基於歷史資料的使用者訪問次數，每天新老使用者，日活，周活，月活的hive計算

阿新 • • 發佈：2018-11-19

最近有一個需求，統計每天的新老使用者，日活，周活，月活。
我們每天的增量資料會加入到hive歷史資料表中，包含使用者訪問網站的一些資訊，欄位有很多，包括使用者唯一標識guid。
當然了日活，周活，月活就是一個count(distinct(guid))語句，非常常用的sql。

但是這裡的問題是：

A：每天的新老使用者應該怎麼統計呢？
B：這還不簡單，判斷使用者guid是否存在與歷史庫guid中嘛？
A：歷史資料幾十個T，大概一百億行，你要每天將當日資料（2~3億行）與歷史資料幾億行進行join判斷？
B：額，這個，這個，好像不行哦！

是的，歷史資料裡面是使用者網站訪問行為，同一個使用者在同一天，不同的天都有可能出現，guid在歷史表中會有多次。

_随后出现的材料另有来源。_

lemma PQD_lower_strict:
  fixes X Y :: "'a \<Rightarrow> real"
  assumes [measurable]: "X \<in> borel_measurable M" "Y \<in> borel_measurable M"
    and PQD: "\<And>a b. 0 \<le> prob {w \<in> space M. X w \<le> a \<and> Y w \<le> b}
      - prob {w \<in> space M. X w \<le> a} * prob {w \<in> space M. Y w \<le> b}"
  shows "prob {w \<in> space M. X w < a} * prob {w \<in> space M. Y w < b} \<le> prob {w \<in> space M. X w < a \<and> Y w < b}"
proof (rule tendsto_le[OF sequentially_bot])
  show "(\<lambda>n. prob {w \<in> space M. X w \<le> a - 1 / Suc n \<and> Y w \<le> b - 1 / Suc n})
    \<longlonglongrightarrow> prob {w \<in> space M. X w < a \<and> Y w < b}"
    by (rule tendsto_prob_le_less) simp_all
  show "(\<lambda>n. prob {w \<in> space M. X w \<le> a - 1 / Suc n} * prob {w \<in> space M. Y w \<le> b - 1 / Suc n})
    \<longlonglongrightarrow> prob {w \<in> space M. X w < a} * prob {w \<in> space M. Y w < b}"
    using tendsto_prob_le_less[of X X a a] tendsto_prob_le_less[of Y Y b b] by (intro tendsto_mult) simp_all
  show "\<forall>\<^sub>F n in sequentially. prob {w \<in> space M. X w \<le> a - 1 / Suc n} * prob {w \<in> space M. Y w \<le> b - 1 / Suc n}
    \<le> prob {w \<in> space M. X w \<le> a - 1 / Suc n \<and> Y w \<le> b - 1 / Suc n}"
    using PQD by simp
qed

lemma upper_PQD_nonnegI:
  fixes X Y :: "'a \<Rightarrow> real"
  assumes "\<And>w. 0 \<le> X w" "\<And>w. 0 \<le> Y w"
    and "\<And>s r. 0 \<le> s \<Longrightarrow> 0 \<le> r \<Longrightarrow>
      prob {w \<in> space M. s < X w} * prob {w \<in> space M. r < Y w} \<le> prob {w \<in> space M. s < X w \<and> r < Y w}"
  shows "upper_PQD M X Y"
  unfolding upper_PQD_def
proof (intro allI)
  fix s r :: real
  consider "s < 0" | "r < 0" | "0 \<le> s" "0 \<le> r"
    by linarith
  then show "prob {w \<in> space M. s < X w} * prob {w \<in> space M. r < Y w} \<le> prob {w \<in> space M. s < X w \<and> r < Y w}"
  proof cases
    case 1
    then have "{w \<in> space M. s < X w} = space M" "{w \<in> space M. s < X w \<and> r < Y w} = {w \<in> space M. r < Y w}"
      using assms(1) less_le_trans by blast+
    then show ?thesis
      by (simp add: prob_space)
  next
    case 2
    then have "{w \<in> space M. r < Y w} = space M" "{w \<in> space M. s < X w \<and> r < Y w} = {w \<in> space M. s < X w}"
      using assms(2) less_le_trans by blast+
    then show ?thesis
      by (simp add: prob_space)
  qed (rule assms(3))
qed

lemma upper_PQD_pos_part:
  fixes X Y :: "'a \<Rightarrow> real"
  assumes [measurable]: "X \<in> borel_measurable M" "Y \<in> borel_measurable M"
    and PQD: "\<And>a b. 0 \<le> prob {w \<in> space M. X w \<le> a \<and> Y w \<le> b}
      - prob {w \<in> space M. X w \<le> a} * prob {w \<in> space M. Y w \<le> b}"
  shows "upper_PQD M (\<lambda>w. pos_part (X w)) (\<lambda>w. pos_part (Y w))"
proof (rule upper_PQD_nonnegI)
  fix s r :: real assume "0 \<le> s" "0 \<le> r"
  then have "s < pos_part z \<longleftrightarrow> s < z" "r < pos_part z \<longleftrightarrow> r < z" for z
    unfolding pos_part_def by auto
  then show "prob {w \<in> space M. s < pos_part (X w)} * prob {w \<in> space M. r < pos_part (Y w)}
      \<le> prob {w \<in> space M. s < pos_part (X w) \<and> r < pos_part (Y w)}"
    using PQD_upper_orthant[OF assms(1,2) PQD] by simp
qed (simp_all add: pos_part_def)

lemma upper_PQD_neg_part:
  fixes X Y :: "'a \<Rightarrow> real"
  assumes [measurable]: "X \<in> borel_measurable M" "Y \<in> borel_measurable M"
    and PQD: "\<And>a b. 0 \<le> prob {w \<in> space M. X w \<le> a \<and> Y w \<le> b}
      - prob {w \<in> space M. X w \<le> a} * prob {w \<in> space M. Y w \<le> b}"
  shows "upper_PQD M (\<lambda>w. neg_part (X w)) (\<lambda>w. neg_part (Y w))"
proof (rule upper_PQD_nonnegI)
  fix s r :: real assume "0 \<le> s" "0 \<le> r"
  then have "s < neg_part z \<longleftrightarrow> z < - s" "r < neg_part z \<longleftrightarrow> z < - r" for z
    unfolding neg_part_def by auto
  then show "prob {w \<in> space M. s < neg_part (X w)} * prob {w \<in> space M. r < neg_part (Y w)}
      \<le> prob {w \<in> space M. s < neg_part (X w) \<and> r < neg_part (Y w)}"
    using PQD_lower_strict[OF assms(1,2) PQD] by simp
qed (simp_all add: neg_part_def)

end

lemma measurable_pos_part [measurable]: "f \<in> borel_measurable M \<Longrightarrow> (\<lambda>w. pos_part (f w)) \<in> borel_measurable M"
  unfolding pos_part_def by measurable

lemma measurable_neg_part [measurable]: "f \<in> borel_measurable M \<Longrightarrow> (\<lambda>w. neg_part (f w)) \<in> borel_measurable M"
  unfolding neg_part_def by measurable

lemma pos_part_nonneg: "0 \<le> pos_part z" and pos_part_le_abs: "pos_part z \<le> \<bar>z\<bar>"
  and neg_part_nonneg: "0 \<le> neg_part z" and neg_part_le_abs: "neg_part z \<le> \<bar>z\<bar>"
  unfolding pos_part_def neg_part_def by auto

lemma (in prob_space) Gfun_nonneg_if_upper_PQD:
  assumes "X \<in> borel_measurable M" "Y \<in> borel_measurable M" "\<And>w. 0 \<le> X w" "\<And>w. 0 \<le> Y w"
    and "upper_PQD M X Y" "0 \<le> T"
  shows "0 \<le> Gfun M X Y T"
proof -
  interpret nonneg_upper_PQD M X Y
    using assms by unfold_locales
  show ?thesis
    using assms Cov_min_nonneg by (simp add: Gfun_eq_Cov_min)
qed

lemma Gfun_series_mono:
  fixes F G :: "nat \<Rightarrow> nat \<Rightarrow> real \<Rightarrow> real"
  assumes "\<And>k j t. 1 \<le> k \<Longrightarrow> k < j \<Longrightarrow> real j \<le> t \<Longrightarrow> F k j t \<le> G k j t"
  shows "(\<Sum>j. \<Sum>k\<in>{1..<j}. \<integral>\<^sup>+ t\<in>{real j..}. ennreal (t powr (-2) * F k j t) \<partial>lborel)
    \<le> (\<Sum>j. \<Sum>k\<in>{1..<j}. \<integral>\<^sup>+ t\<in>{real j..}. ennreal (t powr (-2) * G k j t) \<partial>lborel)"
  using assms
  by (intro suminf_le summableI sum_mono nn_integral_mono)
    (auto simp: indicator_def intro!: ennreal_leI mult_left_mono)

context prob_space
begin

lemma upper_PQD_parts:
  assumes [measurable]: "\<And>k. e k \<in> borel_measurable M" and "pairwise_PQD M e" "1 \<le> k" "k < j"
  shows "upper_PQD M (\<lambda>w. pos_part (e k w)) (\<lambda>w. pos_part (e j w))"
    and "upper_PQD M (\<lambda>w. neg_part (e k w)) (\<lambda>w. neg_part (e j w))"
  using assms(2-) unfolding pairwise_PQD_def
  by (auto intro!: upper_PQD_pos_part upper_PQD_neg_part)

lemma dominated_upper_PQD_seqI:
  assumes [measurable]: "\<And>j. U j \<in> borel_measurable M" "\<epsilon> \<in> borel_measurable M"
    and "\<And>j w. 0 \<le> U j w" "\<And>j w. U j w \<le> \<bar>e j w\<bar>"
    and dom: "\<And>j t. 1 \<le> j \<Longrightarrow> 0 < t \<Longrightarrow> prob {w \<in> space M. t < \<bar>e j w\<bar>} \<le> C * prob {w \<in> space M. t < \<bar>\<epsilon> w\<bar>}"
    and [measurable]: "\<And>j. e j \<in> borel_measurable M"
    and "integrable M (\<lambda>w. (\<epsilon> w)\<^sup>2)" "0 \<le> C"
    and "\<And>k j. 1 \<le> k \<Longrightarrow> k < j \<Longrightarrow> upper_PQD M (U k) (U j)"
    and "(\<Sum>j. \<Sum>k\<in>{1..<j}. \<integral>\<^sup>+ t\<in>{real j..}.
      ennreal (t powr (-2) * Gfun M (U k) (U j) (sqrt t)) \<partial>lborel) < \<infinity>"
  shows "dominated_upper_PQD_seq M U (\<lambda>w. \<bar>\<epsilon> w\<bar>) C"
proof unfold_locales
  fix j :: nat and t :: real assume "1 \<le> j" "0 < t"
  have "prob {w \<in> space M. t < U j w} \<le> prob {w \<in> space M. t < \<bar>e j w\<bar>}"
    using assms(4) by (intro finite_measure_mono) (auto intro: less_le_trans)
  also have "\<dots> \<le> C * prob {w \<in> space M. t < \<bar>\<epsilon> w\<bar>}"
    using dom \<open>1 \<le> j\<close> \<open>0 < t\<close> .
  finally show "prob {w \<in> space M. t < U j w} \<le> C * prob {w \<in> space M. t < \<bar>\<epsilon> w\<bar>}" .
qed (use assms in auto)

lemma dominated_upper_PQD_seq_parts:
  assumes e_rv: "\<And>k. e k \<in> borel_measurable M" and eps_rv: "\<epsilon> \<in> borel_measurable M"
    and PQD: "pairwise_PQD M e"
    and dom: "\<And>j t. 1 \<le> j \<Longrightarrow> 0 < t \<Longrightarrow> prob {w \<in> space M. t < \<bar>e j w\<bar>} \<le> C * prob {w \<in> space M. t < \<bar>\<epsilon> w\<bar>}"
    and "0 \<le> C" and second_moment: "integrable M (\<lambda>w. (\<epsilon> w)\<^sup>2)"
    and covsum: "(\<Sum>j. \<Sum>k\<in>{1..<j}.
        \<integral>\<^sup>+ t\<in>{real j..}. ennreal (t powr (-2) *
          (Gfun M (\<lambda>w. pos_part (e k w)) (\<lambda>w. pos_part (e j w)) (sqrt t)
           + Gfun M (\<lambda>w. neg_part (e k w)) (\<lambda>w. neg_part (e j w)) (sqrt t))) \<partial>lborel) < \<infinity>"
  shows "dominated_upper_PQD_seq M (\<lambda>j w. pos_part (e j w)) (\<lambda>w. \<bar>\<epsilon> w\<bar>) C"
    and "dominated_upper_PQD_seq M (\<lambda>j w. neg_part (e j w)) (\<lambda>w. \<bar>\<epsilon> w\<bar>) C"
proof -
  note upper = upper_PQD_parts[OF e_rv PQD]
  have Gfun_nonneg: "0 \<le> Gfun M (\<lambda>w. pos_part (e k w)) (\<lambda>w. pos_part (e j w)) (sqrt t)"
    "0 \<le> Gfun M (\<lambda>w. neg_part (e k w)) (\<lambda>w. neg_part (e j w)) (sqrt t)"
    if "1 \<le> k" "k < j" "real j \<le> t" for k j t
    using that upper[OF that(1,2)]
    by (auto intro!: Gfun_nonneg_if_upper_PQD measurable_pos_part[OF e_rv] measurable_neg_part[OF e_rv]
        pos_part_nonneg neg_part_nonneg)
  have "(\<Sum>j. \<Sum>k\<in>{1..<j}. \<integral>\<^sup>+ t\<in>{real j..}. ennreal (t powr (-2) *
      Gfun M (\<lambda>w. pos_part (e k w)) (\<lambda>w. pos_part (e j w)) (sqrt t)) \<partial>lborel) < \<infinity>"
    by (rule le_less_trans[OF Gfun_series_mono covsum]) (simp add: Gfun_nonneg)
  then show "dominated_upper_PQD_seq M (\<lambda>j w. pos_part (e j w)) (\<lambda>w. \<bar>\<epsilon> w\<bar>) C"
    using e_rv eps_rv dom second_moment \<open>0 \<le> C\<close> upper(1)
    by (intro dominated_upper_PQD_seqI[where e=e] pos_part_nonneg pos_part_le_abs) auto
  have "(\<Sum>j. \<Sum>k\<in>{1..<j}. \<integral>\<^sup>+ t\<in>{real j..}. ennreal (t powr (-2) *
      Gfun M (\<lambda>w. neg_part (e k w)) (\<lambda>w. neg_part (e j w)) (sqrt t)) \<partial>lborel) < \<infinity>"
    by (rule le_less_trans[OF Gfun_series_mono covsum]) (simp add: Gfun_nonneg)
  then show "dominated_upper_PQD_seq M (\<lambda>j w. neg_part (e j w)) (\<lambda>w. \<bar>\<epsilon> w\<bar>) C"
    using e_rv eps_rv dom second_moment \<open>0 \<le> C\<close> upper(2)
    by (intro dominated_upper_PQD_seqI[where e=e] neg_part_nonneg neg_part_le_abs) auto
qed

如果直接join，效能很差，實際上是做了很多不必要的工作。

解決方案：

維護一張使用者表，裡面有4列：guid, starttime, endtime, num，分別是使用者的guid，第一次訪問時間，最後一次訪問時間，訪問天數；
從某個狀態開始，歷史表中guid是唯一的；
當天資料去重後，與歷史庫join，如果guid在歷史庫出現過，則將endtime更新為當天時間，num加一；
否則，這是一個新使用者，插入歷史庫，starttime, endtime都為當天時間，num初始值為1。

維護了這麼一張使用者表後，接下來就可以寫hql統計業務了，計算當天新老使用者時，只需要與這個歷史庫進行join就行了（目前為止4千萬），當日guid去重後是1千多萬，這樣就是4千萬~1千萬的join了，與開始4千萬~100億的join，效能會有巨大提升。

hive歷史表的設計與hive相關配置
可以看到這裡hive歷史表history_helper需要頻繁修改，hive表支援資料修改需要在${HIVE_HOME}/conf/hive-site.xml中新增事務支援：

<property>
    <name>hive.support.concurrency</name>
    <value>true</value>
</property>
<property>
    <name>hive.exec.dynamic.partition.mode</name 
>
    <value>nonstrict</value>
</property>
<property>
    <name>hive.txn.manager</name>
    <value>org.apache.hadoop.hive.ql.lockmgr.DbTxnManager</value>
</property>
<property>
    <name>hive.compactor.initiator.on</name>
    <value>true</value>
</property>
<property>
    <name>hive.compactor.worker.threads</name>
    <value>1</value>
</property>

為了提高查詢速度，hive歷史表與增量表這裡都分桶，hive-xite.xml配置：

<property>
    <name>hive.enforce.bucketing</name>
    <value>true</value>
</property>

為了提高reduce並行度，也設定一下：

set mapred.reduce.tasks = 50;

這個最好在hive命令列配置，表明只在當前程式使用該配置，就不要配置配置檔案了。
歷史庫建表語句：

create external table if not exists hm2.history_helper
(
  guid string,
  starttime string,
  endtime string,
  num int
)
clustered by(guid) into 50 buckets
stored as orc TBLPROPERTIES ("transactional"="true");

當天增量表，儲存去重後的guid，建表語句：

create table if not exists hm2.daily_helper
(
  guid string,
  dt string
)
clustered by(guid) into 50 buckets
stored as orc TBLPROPERTIES ("transactional"="true");

思路

由於這種需要寫成定時模式，所以這裡用python指令碼來實現，將hive查詢結果儲存到本地檔案result.txt，然後python讀取result.txt，連線資料庫，儲存當天的查詢結果。

程式碼

helper.py

#!/usr/bin/python
# -*- coding:utf-8 -*-

# hive更新歷史使用者表，日常查詢，儲存到MySQL

import sys
import datetime
import commands
import MySQLdb

# 獲取起始中間所有日期
def getDays(starttime,endtime,regx):
    datestart=datetime.datetime.strptime(starttime,regx)
    dateend=datetime.datetime.strptime(endtime,regx)
    days = []
    while datestart<=dateend:
        days.append(datestart.strftime(regx))
        datestart+=datetime.timedelta(days=1)
    return days

# 獲得指定時間的前 n 天的年、月、日,n取負數往前，否則往後
def getExacYes(day, regx, n):
    return (datetime.datetime.strptime(day,regx) + datetime.timedelta(days=n)).strftime(regx)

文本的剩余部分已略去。